Try running iris dataset with k=3
.
res <- Rphenograph(iris[, 1:4], k = 3)
length(res[[2]]$membership)
nrow(iris)
The line you point to doesn't actually do anything. links
is an edgelist with columns from
, to
and weight
- so that code is actually excluding from
(first column) with values less than or equal to zero. Changing it to links <- links[links[,3]>0, ]
won't help either as those edges don't exist in the edgelist matrix returned by jaccard_coef()
.
As you can see in the source code for jaccard_coef()
, edges with jaccard_index = 0
are excluded from the edgelist:
https://github.com/JinmiaoChenLab/Rphenograph/blob/0298487f0ee13aac55eb77d19992f6bd878ba2fc/src/jaccard_coeff.cpp#L26
You could probably just make those nodes go from
and to
themselves with zero weight and perhaps then they will be included in the graph and clustering output. Alternatively, the approach I mentioned above works in a similar way to that proposed in the python version of phenograph.
This issue has been reported and solved by EK Becht https://github.com/JinmiaoChenLab/Rphenograph/pull/8 .I used it in my code at https://github.com/i-cyto/Rphenograph/blob/86ceedeb2c41ecb98b1b2a7c980d91f66fa62e6c/src/jaccard_coeff.cpp#L217-L236 I think the following code might show that it works. Of course, I use my fork of Rphenograph. I think Ian's code is also safe. Thanks for your devs, Samuel
data("iris")
library(RANN)
library(igraph)
#> Warning: package 'igraph' was built under R version 4.0.5
#>
#> Attaching package: 'igraph'
#> The following objects are masked from 'package:stats':
#>
#> decompose, spectrum
#> The following object is masked from 'package:base':
#>
#> union
dt = iris[,-5]
K = 3
set.seed(0)
# compute nearest neighbors
neighborMatrix <- nn2(dt, k=K+1)[[1]][,-1]
# some data points failed to be reported by original Jaccard index calculation
links <- Rphenograph:::jaccard_coeff(neighborMatrix)

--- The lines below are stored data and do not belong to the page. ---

(* Under the setting and assumptions in the context, $$\frac1n\mathbf A^\top\mathbf A-\frac1n\mathbf B^\top\mathbf B=\sigma^2\,\frac1n\mathbf G^\top\mathbf G+O_p\!\left(\tfrac1{\sqrt n}\right),\qquad \frac1n\mathbf A^\top\mathbf b-\frac1n\mathbf B^\top\mathbf b=\sigma^2\,\frac1n\mathbf G^\top\mathbf 1_{2n\times1}+O_p\!\left(\tfrac1{\sqrt n}\right),$$ and consequently $\hat{\boldsymbol\theta}_n^{\rm BE}=\hat{\boldsymbol\theta}_n^{\rm UB}+O_p(1/\sqrt n)$, so that $\hat{\boldsymbol\theta}_n^{\rm BE}-\boldsymbol\theta^o=O_p(1/\sqrt n)$.
   Context: Camera model. Known intrinsics $f_x,f_y>0$; true rotation $\mathbf R\in SO(3)$ with rows $\mathbf r_1^\top,\mathbf r_2^\top,\mathbf r_3^\top$ and translation $\mathbf t=[t_1,t_2,t_3]^\top$. Let $\mathbf W=\mathrm{diag}(f_x,f_y)$, $\mathbf e_i$ the $i$-th standard unit vector of $\mathbb R^3$, $\mathbf E=[\mathbf e_1~\mathbf e_2]^\top$. For known 3D points $\mathbf p_i^w$ ($i=1,\dots,n$) with $\mathbf e_3^\top(\mathbf R\mathbf p_i^w+\mathbf t)>0$, observations are $\mathbf q_i'=[u_i~v_i]^\top=\mathbf q_i^o+\boldsymbol\epsilon_i$, with $\mathbf q_i^o=[u_i^o~v_i^o]^\top=\frac{\mathbf W\mathbf E(\mathbf R\mathbf p_i^w+\mathbf t)}{\mathbf e_3^\top(\mathbf R\mathbf p_i^w+\mathbf t)}$ and $\boldsymbol\epsilon_i=[\epsilon_{i1},\epsilon_{i2}]^\top$. Assumption 1: $\boldsymbol\epsilon_i\sim\mathcal N(0,\sigma^2\mathbf I_2)$ i.i.d., $\sigma^2<\infty$ unknown. Assumption 2: the points do not concentrate on a critical set for camera resectioning (Hartley–Zisserman Result 22.5); moreover the points are bounded, their empirical distribution converges, and $\frac1n\mathbf B^\top\mathbf B$ converges to a nonsingular constant matrix. Let $\bar{\mathbf p}^w=\frac1n\sum_i\mathbf p_i^w$, $\alpha$ defined by $\alpha\sum_{i=1}^n\mathbf e_3^\top(\mathbf R\mathbf p_i^w+\mathbf t)=n$, and $\boldsymbol\theta^o=\alpha[\mathbf r_3^\top~\mathbf r_1^\top~t_1~\mathbf r_2^\top~t_2]^\top$. $\mathbf b=[\mathbf q_1'^\top\cdots\mathbf q_n'^\top]^\top$. $\mathbf A\in\mathbb R^{2n\times11}$ has, for each $i$, rows $[-u_i(\mathbf p_i^w-\bar{\mathbf p}^w)^\top,~f_x(\mathbf p_i^w)^\top,~f_x,~\mathbf 0_{1\times4}]$ and $[-v_i(\mathbf p_i^w-\bar{\mathbf p}^w)^\top,~\mathbf 0_{1\times4},~f_y(\mathbf p_i^w)^\top,~f_y]$; $\mathbf B$ is the same with $u_i,v_i$ replaced by $u_i^o,v_i^o$. $\mathbf G\in\mathbb R^{2n\times11}$ has, for each $i$, two identical rows $[-(\mathbf p_i^w-\bar{\mathbf p}^w)^\top,~\mathbf 0_{1\times8}]$; $\mathbf 1_{2n\times1}$ is the all-ones vector. $\hat{\boldsymbol\theta}_n^{\rm UB}=(\mathbf B^\top\mathbf B)^{-1}\mathbf B^\top\mathbf b$ and $\hat{\boldsymbol\theta}_n^{\rm BE}=(\mathbf A^\top\mathbf A-\hat\sigma^2\mathbf G^\top\mathbf G)^{-1}(\mathbf A^\top\mathbf b-\hat\sigma^2\mathbf G^\top\mathbf 1_{2n\times1})$, where $\hat\sigma^2$ is any estimate of $\sigma^2$ with $\sqrt n(\hat\sigma^2-\sigma^2)=O_p(1)$ (e.g. the smallest root of $\lambda\mapsto\det(\boldsymbol\Phi-\lambda\boldsymbol\Delta)$ with $\boldsymbol\Phi=\frac1n\begin{bmatrix}\mathbf A^\top\mathbf A&\mathbf A^\top\mathbf b\\ \mathbf b^\top\mathbf A&\mathbf b^\top\mathbf b\end{bmatrix}$, $\boldsymbol\Delta=\frac1n\begin{bmatrix}\mathbf G^\top\mathbf G&\mathbf G^\top\mathbf 1\\ \mathbf 1^\top\mathbf G&2n\end{bmatrix}$). *)

theory Defs
  imports "HOL-Probability.Probability"
begin

definition Op :: "'w measure \<Rightarrow> (nat \<Rightarrow> 'w \<Rightarrow> real) \<Rightarrow> (nat \<Rightarrow> real) \<Rightarrow> bool" where
  "Op M X a \<longleftrightarrow> (\<forall>e>0. \<exists>K N. \<forall>n\<ge>N. \<exists>S\<in>sets M.
      {w \<in> space M. X n w > K * a n} \<subseteq> S \<and> measure M S < e)"

text \<open>Components of real^11 are indexed 0..10 via the representation of the numeral type.\<close>
definition idx11 :: "11 \<Rightarrow> nat" where
  "idx11 i = nat (Rep_bit1 i)"

definition vec11 :: "real list \<Rightarrow> real^11" where
  "vec11 xs = (\<chi> i. xs ! idx11 i)"

definition v3list :: "real^3 \<Rightarrow> real list" where
  "v3list x = [x$1, x$2, x$3]"

definition outer11 :: "real^11 \<Rightarrow> real^11^11" where
  "outer11 a = (\<chi> i j. a$i * a$j)"

definition depth :: "real^3^3 \<Rightarrow> real^3 \<Rightarrow> real^3 \<Rightarrow> real" where
  "depth R t p = (R *v p + t) $ 3"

links <- links[links[,1]>0, ]
length(sort(unique(c(links[,1], links[,2]))))
#> [1] 144
# this is not the case in the improved implementations
links <- Rphenograph:::jaccard_coeff_4(neighborMatrix, K)
links <- links[links[,1]>0, ]
length(sort(unique(c(links[,1], links[,2]))))
#> [1] 150
relations <- as.data.frame(links)
colnames(relations)<- c("from","to","weight")
g <- graph.data.frame(relations, directed=FALSE)
# Louvain and Leiden clustering
comm_louv <- cluster_louvain(g)
comm_leid <- cluster_leiden(g, resolution_parameter = .01)
# this resolution leads to a similar amount of clusters
length(unique(membership(comm_leid)))
#> [1] 65
length(unique(membership(comm_louv)))
#> [1] 61
# both report the correct count of membership
length(membership(comm_leid))
#> [1] 150
length(membership(comm_louv))
#> [1] 150
# compare both, for fun
compare(comm_louv, comm_leid, method = "adj")
#> [1] 0.8104326
# range values for the criterium
compare(comm_louv, comm_louv, method = "adj")
#> [1] 1
compare(membership(comm_louv), membership(comm_louv), method = "adj")
#> [1] 1
compare(membership(comm_louv)[sample.int(nrow(dt))], membership(comm_louv), method = "adj")
#> [1] 0.01677979
Created on 2022-09-12 by the reprex package (v2.0.1)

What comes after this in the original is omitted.